Over 100 interviews were held during 1997 with food manufacturers and retailers, trade associations, government departments, consumer groups, environmental organs and academic scientists to explore views on the value and desirability of biotechnology products, in particular genetically-modified foods. In general, European consumers did not seem to be against the pharmaceutical products of biotechnology but have stronger objections to genetically-modified food. These are based mainly on fears for the health and safety of the consumer, the possibility of deleterious effects on the environment, and various moral and ethical concerns about interfering with nature. So far the introduction of genetically-modified foods has occurred slowly, and this is probably partly a consequence of these attitudes.

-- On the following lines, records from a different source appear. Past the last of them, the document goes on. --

lemma rstep_box_op:
  assumes "rstep c (rev \<beta>) B'"
  shows "box_op c (Some \<beta>) = Some (rev B')"
  using assms
proof (cases rule: rstep_cases)
  case new_row then show ?thesis by (simp add: box_op_def)
next
  case (extend q)
  define i where "i = length \<beta> - q - 1"
  have i: "i < length \<beta>" using extend by (simp add: i_def)
  have "\<beta>!i = c - 1" using extend by (simp add: i_def rev_nth Suc_diff_Suc)
  moreover have "\<forall>j<i. \<beta>!j \<noteq> c - 1"
  proof (intro allI impI)
    fix j assume "j < i"
    then have "q < length \<beta> - Suc j" "length \<beta> - Suc j < length \<beta>" using extend(2) by (auto simp: i_def)
    then have "rev \<beta> ! (length \<beta> - Suc j) \<noteq> c - 1" using extend(4) by simp
    then show "\<beta>!j \<noteq> c - 1" using \<open>j < i\<close> i by (simp add: rev_nth)
  qed
  ultimately have "incr_first (c - 1) \<beta> = Some (\<beta>[i := Suc (c - 1)])"
    using i by (intro incr_first_intro)
  moreover have "rev B' = \<beta>[i := c]"
    using extend by (simp add: rev_update i_def)
  ultimately show ?thesis using extend(1) by (auto simp: box_op_def)
qed

text \<open>Iterated steps, in the order in which the letters act (rightmost letter of w first).\<close>
inductive rsteps :: "nat list \<Rightarrow> nat list \<Rightarrow> nat list \<Rightarrow> bool" where
  rsteps_Nil: "rsteps [] B B"
| rsteps_Cons: "rstep c B B' \<Longrightarrow> rsteps cs B' B'' \<Longrightarrow> rsteps (c # cs) B B''"

lemma rsteps_Nil_iff [simp]: "rsteps [] B B' \<longleftrightarrow> B' = B"
  by (auto elim: rsteps.cases intro: rsteps.intros)

lemma rsteps_Cons_iff: "rsteps (c # cs) B B'' \<longleftrightarrow> (\<exists>B'. rstep c B B' \<and> rsteps cs B' B'')"
  by (auto elim: rsteps.cases intro: rsteps.intros)

lemma rsteps_append: "rsteps (xs @ ys) B B'' \<longleftrightarrow> (\<exists>B'. rsteps xs B B' \<and> rsteps ys B' B'')"
  by (induction xs arbitrary: B) (auto simp: rsteps_Cons_iff)

lemma rsteps_replicate_one: "rsteps (replicate m 1) X (X @ replicate m 1)"
proof (induction m arbitrary: X)
  case 0 then show ?case by simp
next
  case (Suc m)
  have "rstep 1 X (X @ [1])" by (simp add: rstep_def)
  then show ?case using Suc.IH[of "X @ [1]"] by (auto simp: rsteps_Cons_iff replicate_app_Cons_same)
qed

lemma word_act_rsteps:
  "word_act w \<alpha> = Some \<beta> \<Longrightarrow> rsteps (rev w) (rev \<alpha>) (rev \<beta>)"
proof (induction w arbitrary: \<beta>)
  case Nil then show ?case by (simp add: word_act_def)
next
  case (Cons c w)
  obtain \<beta>' where "word_act w \<alpha> = Some \<beta>'" "box_op c (Some \<beta>') = Some \<beta>"
    using Cons.prems by (cases "word_act w \<alpha>") (auto simp: word_act_def box_op_def)
  then show ?case using Cons.IH box_op_rstep by (auto simp: rsteps_append rsteps_Cons_iff)
qed

lemma rsteps_word_act:
  "rsteps (rev w) (rev \<alpha>) B \<Longrightarrow> word_act w \<alpha> = Some (rev B)"
proof (induction w arbitrary: B)
  case Nil then show ?case by (simp add: word_act_def)
next
  case (Cons c w)
  then obtain B' where "rsteps (rev w) (rev \<alpha>) B'" "rstep c B' B"
    by (auto simp: rsteps_append rsteps_Cons_iff)
  then show ?case using Cons.IH rstep_box_op[of c "rev B'" B] by (simp add: word_act_def)
qed

section \<open>The cells of beta // alpha in reversed coordinates\<close>

context
  fixes \<alpha> :: "nat list"
begin

definition inner :: "nat \<Rightarrow> nat" where
  "inner q = (if q < length \<alpha> then rev \<alpha> ! q else 0)"

definition cells :: "nat list \<Rightarrow> (nat \<times> nat) set" where
  "cells B = {(q, j). q < length B \<and> inner q < j \<and> j \<le> B!q}"

definition admissible :: "nat list \<Rightarrow> bool" where
  "admissible B \<longleftrightarrow> length \<alpha> \<le> length B \<and> (\<forall>q<length B. inner q \<le> B!q \<and> 1 \<le> B!q)"

lemma cells_col_pos: "(q, j) \<in> cells B \<Longrightarrow> 1 \<le> j"
  by (simp add: cells_def)

lemma inner_beyond: "length \<alpha> \<le> q \<Longrightarrow> inner q = 0"
  by (simp add: inner_def)

lemma finite_cells: "finite (cells B)"
proof -
  have "cells B \<subseteq> {..<length B} \<times> {..Max (insert 0 (set B))}"
    by (auto simp: cells_def intro!: order.trans[OF _ Max_ge])
  then show ?thesis by (rule finite_subset) auto
qed

lemma cells_append1:
  assumes "length \<alpha> \<le> length B"
  shows "cells (B @ [1]) = insert (length B, 1) (cells B)"
  using assms by (auto simp: cells_def nth_append inner_beyond less_Suc_eq)

lemma cells_update:
  assumes "q < length B" "inner q \<le> B!q" "B!q = c - 1" "2 \<le> c"
  shows "cells (B[q := c]) = insert (q, c) (cells B)"
proof (rule set_eqI)
  fix x :: "nat \<times> nat"
  obtain a b where x: "x = (a, b)" by fastforce
  show "x \<in> cells (B[q := c]) \<longleftrightarrow> x \<in> insert (q, c) (cells B)"
    unfolding x using assms by (cases "a = q") (auto simp: cells_def)
qed

lemma admissible_step: "admissible B \<Longrightarrow> rstep c B B' \<Longrightarrow> admissible B'"
  by (erule rstep_cases) (auto simp: admissible_def nth_append nth_list_update inner_beyond less_Suc_eq)

lemma admissible_pos: assumes "admissible B" "x \<in> set B" shows "0 < x"
proof -
  obtain i where "i < length B" "B!i = x" using assms(2) by (auto simp: in_set_conv_nth)
  then show ?thesis using assms(1) by (fastforce simp: admissible_def)
qed

lemma rstep_cells:
  assumes "admissible B" "rstep c B B'"
  shows "\<exists>q. (q, c) \<notin> cells B \<and> cells B' = insert (q, c) (cells B)"
  using assms(2)
proof (cases rule: rstep_cases)
  case new_row then show ?thesis using assms(1) cells_append1[of B]
    by (intro exI[of _ "length B"]) (auto simp: admissible_def cells_def)
next
  case (extend q)
  have "inner q \<le> B!q" using assms(1) extend(2) unfolding admissible_def by blast
  then have "cells B' = insert (q, c) (cells B)"
    using extend cells_update[OF extend(2) _ extend(3) extend(1)] by simp
  moreover have "(q, c) \<notin> cells B" using extend by (auto simp: cells_def)
  ultimately show ?thesis by blast
qed

lemma rsteps_cells:
  "admissible B \<Longrightarrow> rsteps cs B B' \<Longrightarrow>
    admissible B' \<and> card (cells B') = card (cells B) + length cs \<and> snd ` cells B' = snd ` cells B \<union> set cs"
proof (induction cs arbitrary: B)
  case Nil then show ?case by simp
next
  case (Cons c cs)
  then obtain B1 where B1: "rstep c B B1" "rsteps cs B1 B'" by (auto simp: rsteps_Cons_iff)
  obtain q where q: "(q, c) \<notin> cells B" "cells B1 = insert (q, c) (cells B)"
    using rstep_cells[OF Cons.prems(1) B1(1)] by blast
  have "card (cells B1) = card (cells B) + 1" using q finite_cells by simp
  then show ?case using Cons.IH[OF admissible_step[OF Cons.prems(1) B1(1)] B1(2)] q by auto
qed

lemma row_length_from_cells:
  assumes "admissible B" "q < length B" "inner q \<le> v" "inner q < v \<longrightarrow> (q, v) \<in> cells B"
    "(q, Suc v) \<notin> cells B"
  shows "B!q = v"
proof -
  have "inner q \<le> B!q" using assms(1,2) by (simp add: admissible_def)
  then show ?thesis using assms by (cases "B!q" v rule: linorder_cases) (auto simp: cells_def)
qed

lemma row_eq_from_cells:
  assumes "admissible B1" "admissible B2" "q < length B1" "q < length B2"
    "\<And>j. (q, j) \<in> cells B1 \<longleftrightarrow> (q, j) \<in> cells B2"
  shows "B1!q = B2!q"
proof (rule row_length_from_cells[OF assms(1,3)])
  show "inner q \<le> B2!q" using assms(2,4) by (simp add: admissible_def)
qed (use assms(4,5) in \<open>auto simp: cells_def\<close>)

lemma cells_subset_rows:
  assumes "admissible B'" "admissible B" "cells B' \<subseteq> cells B" "q < length B'"
  shows "q < length B \<and> B'!q \<le> B!q"
proof -
  have a: "inner q \<le> B'!q" "1 \<le> B'!q" using assms(1,4) by (auto simp: admissible_def)
  have ql: "q < length B"
  proof (cases "q < length \<alpha>")
    case True then show ?thesis using assms(2) by (simp add: admissible_def)
  next
    case False
    then have "(q, 1) \<in> cells B'" using a assms(4) inner_beyond by (auto simp: cells_def)
    then show ?thesis using assms(3) by (auto simp: cells_def)
  qed
  show ?thesis
  proof (cases "inner q < B'!q")
    case True
    then have "(q, B'!q) \<in> cells B'" using assms(4) by (auto simp: cells_def)
    then show ?thesis using assms(3) ql by (auto simp: cells_def)
  next
    case False then show ?thesis using a assms(2) ql by (auto simp: admissible_def)
  qed
qed

lemma admissible_init: assumes "is_composition \<alpha>" shows "admissible (rev \<alpha>)"
proof -
  have "\<And>q. q < length \<alpha> \<Longrightarrow> rev \<alpha> ! q \<in> set \<alpha>"
    by (metis length_rev nth_mem set_rev)
  then show ?thesis using assms by (fastforce simp: admissible_def inner_def is_composition_def Suc_le_eq)
qed

lemma cells_init: "cells (rev \<alpha>) = {}"
  by (auto simp: cells_def inner_def)

end

text \<open>The nc conditions, in reversed coordinates (bottom row = row 0).\<close>
definition nc_rev :: "(nat \<times> nat) set \<Rightarrow> bool" where
  "nc_rev S \<longleftrightarrow> (\<forall>q q'. (q, 1) \<in> S \<and> (q, 2) \<in> S \<and> (q', 1) \<in> S \<longrightarrow> q \<le> q') \<and>
     (\<forall>q j q'. 2 \<le> j \<and> (q, j) \<in> S \<and> (q, Suc j) \<in> S \<and> (q', j) \<in> S \<longrightarrow> q' \<le> q)"

lemma inner_rev_row:
  assumes "1 \<le> a" "a \<le> length \<alpha>"
  shows "inner \<alpha> (length \<alpha> - a) = \<alpha>!(a - 1)"
proof -
  have "length \<alpha> - a < length \<alpha>" using assms by simp
  then show ?thesis using assms by (simp add: inner_def rev_nth)
qed

lemma inner_shape_iff:
  assumes len: "length \<alpha> \<le> length \<beta>"
  shows "(i, j) \<in> inner_shape \<beta> \<alpha> \<longleftrightarrow>
    1 \<le> i \<and> i \<le> length \<beta> \<and> 1 \<le> j \<and> j \<le> inner \<alpha> (length \<beta> - i)"
proof
  assume "(i, j) \<in> inner_shape \<beta> \<alpha>"
  then obtain a where a: "i = length \<beta> - length \<alpha> + a" "1 \<le> a" "a \<le> length \<alpha>" "1 \<le> j" "j \<le> \<alpha>!(a - 1)"
    unfolding inner_shape_def by blast
  moreover have "length \<beta> - i = length \<alpha> - a" using a len by simp
  ultimately show "1 \<le> i \<and> i \<le> length \<beta> \<and> 1 \<le> j \<and> j \<le> inner \<alpha> (length \<beta> - i)"
    using len inner_rev_row[of a \<alpha>] by auto
next
  assume h: "1 \<le> i \<and> i \<le> length \<beta> \<and> 1 \<le> j \<and> j \<le> inner \<alpha> (length \<beta> - i)"
  then have "length \<beta> - i < length \<alpha>" using inner_beyond[of \<alpha> "length \<beta> - i"] by (cases "length \<beta> - i < length \<alpha>") auto
  moreover define a where "a = i - (length \<beta> - length \<alpha>)"
  ultimately have a: "i = length \<beta> - length \<alpha> + a" "1 \<le> a" "a \<le> length \<alpha>" "length \<beta> - i = length \<alpha> - a"
    using h len by auto
  then have "j \<le> \<alpha>!(a - 1)" using h inner_rev_row[of a \<alpha>] by simp
  then show "(i, j) \<in> inner_shape \<beta> \<alpha>" unfolding inner_shape_def using a h by blast
qed

lemma skew_iff:
  assumes len: "length \<alpha> \<le> length \<beta>"
  shows "(i, j) \<in> skew \<beta> \<alpha> \<longleftrightarrow> 1 \<le> i \<and> i \<le> length \<beta> \<and> (length \<beta> - i, j) \<in> cells \<alpha> (rev \<beta>)"
proof -
  have "1 \<le> i \<Longrightarrow> i \<le> length \<beta> \<Longrightarrow> rev \<beta> ! (length \<beta> - i) = \<beta>!(i - 1)"
    by (simp add: rev_nth Suc_diff_Suc)
  then show ?thesis
    unfolding skew_def diagram_def Diff_iff inner_shape_iff[OF len] by (auto simp: cells_def)
qed

lemma skew_image:
  assumes len: "length \<alpha> \<le> length \<beta>"
  shows "skew \<beta> \<alpha> = (\<lambda>(q, j). (length \<beta> - q, j)) ` cells \<alpha> (rev \<beta>)"
proof (rule set_eqI)
  fix x :: "nat \<times> nat"
  obtain i j where x: "x = (i, j)" by fastforce
  have "(q, j) \<in> cells \<alpha> (rev \<beta>) \<Longrightarrow> q < length \<beta>" for q by (simp add: cells_def)
  then show "x \<in> skew \<beta> \<alpha> \<longleftrightarrow> x \<in> (\<lambda>(q, j). (length \<beta> - q, j)) ` cells \<alpha> (rev \<beta>)"
    unfolding x skew_iff[OF len] by (force intro: rev_image_eqI)
qed

lemma card_skew:
  assumes "length \<alpha> \<le> length \<beta>"
  shows "card (skew \<beta> \<alpha>) = card (cells \<alpha> (rev \<beta>))"
proof -
  have "inj_on (\<lambda>(q, j). (length \<beta> - q, j)) (cells \<alpha> (rev \<beta>))"
    by (auto simp: inj_on_def cells_def)
  then show ?thesis using skew_image[OF assms] by (simp add: card_image)
qed

lemma supp_skew:
  assumes "length \<alpha> \<le> length \<beta>"
  shows "supp (skew \<beta> \<alpha>) = snd ` cells \<alpha> (rev \<beta>)"
  unfolding supp_def skew_image[OF assms] by force

definition nc_conditions :: "(nat \<times> nat) set \<Rightarrow> bool" where
  "nc_conditions T \<longleftrightarrow>
     (\<forall>i. (i, 1) \<in> T \<and> (i, 2) \<in> T \<longrightarrow> (\<forall>i'. (i', 1) \<in> T \<longrightarrow> i' \<le> i)) \<and>
     (\<forall>i j. 2 \<le> j \<and> (i, j) \<in> T \<and> (i, Suc j) \<in> T \<longrightarrow> (\<forall>i'. (i', j) \<in> T \<longrightarrow> i \<le> i'))"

The perceived attitudes of consumers has also given rise to varying approaches by suppliers to the possible introduction of transgenic foods. Consumer understanding of biotechnology at a scientific level was found to be patchy. There is clearly both a need and an opportunity for improving public understanding, particularly if such information can be provided by organs which are not seen to be directly commercially involved. Such education would aim to enable individuals to make rational choices about biotechnology, based on reason rather than emotion.

Additional information

Authors: Moses V, Kings College, London (GB)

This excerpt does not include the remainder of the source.